One compromise solution Walter and I discussed in the past is to only sever one of the dangerous implicit conversions: int -> uint. Other than that, it's much like C (everything involving one unsigned is unsigned and unsigned -> signed is implicit) Let's see where that takes us.

(a) There are fewer situations when a small, reasonable number implicitly becomes a large, weird numnber.

(b) An exception to (a) is that u1 - u2 is also uint, and that's for the sake of C compatibility. I'd gladly drop it if I could and leave operations such as u1 - u2 return a signed number. That assumes the least and works with small, usual values.

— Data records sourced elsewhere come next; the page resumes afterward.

lemma l2_subspaceD:
  assumes "l2_subspace S"
  shows "S \<subseteq> l2" "0 \<in> S" "x \<in> S \<Longrightarrow> y \<in> S \<Longrightarrow> x + y \<in> S"
    "x \<in> S \<Longrightarrow> (\<lambda>k. c * x k) \<in> S"
  using assms unfolding l2_subspace_def by blast+

lemma l2_subspace_if_closed_subspace: "closed_subspace S \<Longrightarrow> l2_subspace S"
  unfolding closed_subspace_def l2_subspace_def by blast

lemma orth_diff_scaleC:
  assumes "l2_subspace M" "L \<subseteq> l2" "\<xi> \<in> orth_diff M L"
  shows "(\<lambda>k. a * \<xi> k) \<in> orth_diff M L"
proof -
  have "\<xi> \<in> l2" "\<xi> \<in> M"
    using assms l2_subspaceD(1)[OF assms(1)] by (auto simp: orth_diff_def)
  then show ?thesis
    using assms l2_subspaceD(4)[OF assms(1)] by (auto simp: orth_diff_def l2inner_scaleC_left)
qed

definition coord_proj :: "nat set \<Rightarrow> (nat \<Rightarrow> complex) \<Rightarrow> (nat \<Rightarrow> complex)" where
  "coord_proj J x = (\<lambda>i. if i \<in> J then x i else 0)"

definition coord_subspace :: "nat set \<Rightarrow> (nat \<Rightarrow> complex) set" where
  "coord_subspace J = {x \<in> l2. \<forall>i. i \<notin> J \<longrightarrow> x i = 0}"

lemma l2_coord_proj: "x \<in> l2 \<Longrightarrow> coord_proj J x \<in> l2"
  unfolding l2_def coord_proj_def mem_Collect_eq
  by (erule summable_comparison_test'[where N = 0]) auto
(* Let $(X_t)_{t\ge0}$ be the continuous-time random walk on $\mathbb{Z}$ started at $0$ with generator $(Lf)(x)=\frac12\left(f(x+1)-f(x)\right)+\frac12\left(f(x-1)-f(x)\right)$. Then there is a universal constant $c>0$ such that for all $t\ge0$, $\mathrm{Varent}(X_t)\ge c\,\mathcal{V}(t)$, where $\mathcal{V}(t)=t\log^2\!\left(1+\frac1{\sqrt t}\right)$ (and $\mathcal{V}(0)=0$).
   Context: For a discrete random variable $X$ with probability mass function $f$, $\mathrm{Varent}(X):=\mathrm{Var}(\log f(X))$. *)

theory Defs
  imports "HOL-Probability.Probability"
begin

definition varent :: "'a pmf \<Rightarrow> real" where
  "varent p = measure_pmf.variance p (\<lambda>x. ln (pmf p x))"

text \<open>Up-jumps and down-jumps occur according to independent Poisson processes of rate 1/2,
  so X_t = N_up(t) - N_down(t) with N_up(t), N_down(t) independent Poisson(t/2);
  at t = 0 the walk is at 0.\<close>
definition srw_law :: "real \<Rightarrow> int pmf" where
  "srw_law t = (if t \<le> 0 then return_pmf 0
     else map_pmf (\<lambda>(a, b). int a - int b)
            (pair_pmf (poisson_pmf (t / 2)) (poisson_pmf (t / 2))))"

definition V_rate :: "real \<Rightarrow> real" where
  "V_rate t = (if t = 0 then 0 else t * (ln (1 + 1 / sqrt t))\<^sup>2)"

end

theory Submission
  imports Defs
begin

(* X_t is the difference of two independent Poisson(t/2) variables, so its law f is symmetric,
   f(k) = f(-k) = s_k = sum_j pi(j + k) pi(j) with pi the Poisson(t/2) weights.  Termwise
   AM-GM shows that s_k is nonincreasing, and the s_k satisfy the Bessel-type recurrence
   (k + 1) s_(k+1) = (t/2) (s_k - s_(k+2)).  The variance of ln f(X) is at least
   min(P(A), P(B)) (ln g / 2)^2 whenever every value of f on A is at least g times every value
   of f on B.
   For t <= 1 take A = {0}, B = {1}: the recurrence gives s_1 <= (t/2) s_0 and both points have mass
   of order t, so Varent(X_t) >= c t ln^2(2/t) >= c V(t).
   For t >= 1 take n ~ sqrt t: iterating the recurrence gives s_(3n) <= s_n / 3 and
   s_k >= exp(-k^2/(t/2)) s_0, and Chebyshev's inequality puts half of the mass in [-4n, 4n], where
   f <= s_0, so s_0 >= c / n.  Hence A = [0, n] and B = [3n, 4n] both have mass bounded below, and
   Varent(X_t) is bounded below by a constant, while V(t) <= 1. *)

section \<open>Poisson weights\<close>

definition poisson_density :: "real \<Rightarrow> nat \<Rightarrow> real" where
  "poisson_density r n = r ^ n / fact n * exp (- r)"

(c) Unlike C, arithmetic and logical operations always return the tightest type possible, not a 32/64 bit value. For example, byte / int yields byte and so on.

What do you think?


Andrei

November 27, 2008

Re: Treating the abusive unsigned syndrome

Posted by Sean Kelly
in reply to Denis Koroskin

Sean Kelly

Posted in reply to Denis Koroskin

Denis Koroskin wrote:
> 27.11.08 в 03:46 Sean Kelly в своём письме писал(а):
> 
>> Andrei Alexandrescu wrote:
>>> Sean Kelly wrote:
>>>> Don wrote:
>>>>>
>>>>> Although it would be nice to have a type which was range-limited, 'uint' doesn't do it. Instead, it guarantees the number is between 0 and int.max*2+1 inclusive. Allowing mixed operations encourages programmers to focus the benefit of 'the lower bound is zero!' while forgetting that there is an enormous downside ('I'm saying that this could be larger than int.max!')
>>>>
>>>> This inspired me to think about where I use uint and I realized that I don't.  I use size_t for size/length representations (largely because sizes can theoretically be >2GB on a 32-bit system), and ubyte for bit-level stuff, but that's it.
>>>  For the record, I use unsigned types wherever there's a non-negative number involved (e.g. a count). So I'd be helped by better unsigned operations.
>>
>> To be fair, I generally use unsigned numbers for values that are logically always positive.  These just tend to be sizes and counts in my code.
>>
>>> I wonder how often these super-large arrays do occur on 32-bit systems. I do have programs that try to allocate as large a contiguous matrix as possible, but never sat down and tested whether a >2GB chunk was allocated on the Linux cluster I work on. I'm quite annoyed by this >2GB issue because it's a very practical and very rare issue in a weird contrast with a very principled issue (modeling natural numbers).
>>
>> Yeah, I have no idea how common they are, though my guess would be that they are rather uncommon.  As a library programmer, I simply must assume that they are in use, which is why I use size_t as a matter of course.
> 
> If they can be more than 2Gb, why can't they be more than 4GB? It is dangerous to assume that they won't, that's why uint is dangerous. You exchange one additional bit of information for safety, this is wrong.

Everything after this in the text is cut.